◆ What you have to do:
Please state how many lines in the records below contain the word "forall", giving only the number.

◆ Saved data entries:
================================

theorem theorem3:
  fixes \<theta> :: "real^'n" and C :: "real^'n^'n" and l :: 'n
  defines "n \<equiv> real CARD('n)"
  defines "Vf \<equiv> {i. \<theta>$i = 0}"
  defines "Vp \<equiv> {i. \<theta>$i > 0}"
  assumes n2: "CARD('n) \<ge> 2"
    and C_stoch: "row_stochastic C"
    and C_diag: "\<forall>i. C$i$i = 0"
    and theta_range: "\<forall>i. 0 \<le> \<theta>$i \<and> \<theta>$i < 1"
    and theta_pos: "\<exists>j. \<theta>$j > 0"
    and star: "star_topology C l"
    and theta_l: "0 < \<theta>$l \<and> \<theta>$l < 1"
  shows
    "(\<forall>x. (equilibrium_A \<theta> C x \<or> (\<exists>V. equilibrium_B \<theta> C V x)) \<longrightarrow>
        int_prob_simplex x
      \<and> (\<forall>i\<in>Vf. (C$l$i = 0 \<longrightarrow> x$i = 1 / n) \<and> (C$l$i \<noteq> 0 \<longrightarrow> x$i > 1 / n))
      \<and> (\<forall>i\<in>Vp - {l}. C$l$i = 0 \<longrightarrow> x$i = powval n 1 (\<theta>$i)))
   \<and> (\<forall>a b. 0 < a \<and> a < b \<and> b < 1 \<longrightarrow> powval n 1 b < powval n 1 a)
   \<and> ((\<forall>i\<in>Vp - {l}. C$l$i = 0) \<longrightarrow>
       (\<exists>x. equilibrium_A \<theta> C x \<and> (\<exists>V. equilibrium_B \<theta> C V x)
          \<and> (\<forall>y. (equilibrium_A \<theta> C y \<or> (\<exists>V. equilibrium_B \<theta> C V y)) \<longrightarrow> y = x)
          \<and> (let r = real (card Vf);
                 \<xi> = n - r - n * (\<Sum>j\<in>Vp - {l}. x$j)
             in (\<forall>i\<in>Vp - {l}. x$i = powval n 1 (\<theta>$i))
              \<and> x$l = powval n \<xi> (\<theta>$l)
              \<and> (\<forall>i\<in>Vf. x$i = 1 / n + (\<xi> / n - x$l) * C$l$i))))"
proof -
  \<comment> \<open>theta_pos is implied by theta_l.\<close>
  interpret S: star_network \<theta> C l
    using n2 C_stoch C_diag theta_range star theta_l by unfold_locales auto
  have "2 \<le> n" using n2 by (simp add: n_def)
  then show ?thesis
    unfolding n_def Vf_def Vp_def
    using S.equilibrium_properties equilibrium_B_imp_A[OF C_stoch theta_range]
      powval_strict_antimono S.unique_equilibrium
    by blast
qed

end
lemma \<eta>_rderiv:
  assumes "r \<in> {0<..<\<rho> y0 + \<delta>}"
  shows "(\<eta> y0 has_real_derivative (r * moment y0 r - v_avg y0 * r / 2) / D) (at r)"
proof -
  define G where "G z = z * moment y0 z - v_avg y0 * z / 2" for z
  have M: "continuous_on radii (moment y0)"
    using continuous_on_section[OF moment_cont y0_in_params] by simp
  have "continuous_on radii G"
    unfolding G_def[abs_def] using M by (intro continuous_intros) auto
  then have "((\<lambda>s. integral {0..s} G) has_real_derivative G r) (at r)"
    using integral_has_real_derivative[of 0 "\<rho> y0 + \<delta>" G r] assms by (simp add: at_within_Icc_at)
  then have "((\<lambda>s. integral {0..s} G / D) has_real_derivative G r / D) (at r)"
    by (rule DERIV_cdivide)
  moreover have "eventually (\<lambda>s. integral {0..s} G / D = \<eta> y0 s) (nhds r)"
  proof (rule eventually_mono[OF eventually_nhds_in_open[OF _ assms]])
    fix s assume s: "s \<in> {0<..<\<rho> y0 + \<delta>}"
    have "G z = (1 / z) * integral {0..z} (\<lambda>s. (v y0 s - v_avg y0) * s)" if "z \<in> {0..s}" for z
      using inner_integral_eq[OF y0_in_params, of z] that s by (simp add: G_def)
    then have "integral {0..s} G = integral {0..s} (\<lambda>z. (1 / z) * integral {0..z} (\<lambda>s. (v y0 s - v_avg y0) * s))"
      by (rule integral_cong)
    then show "integral {0..s} G / D = \<eta> y0 s"
      by (simp add: \<eta>_def)
  qed simp
  ultimately show ?thesis
    unfolding G_def by (subst (asm) DERIV_cong_ev[OF refl _ refl])
qed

================================

◆ Your solution:
10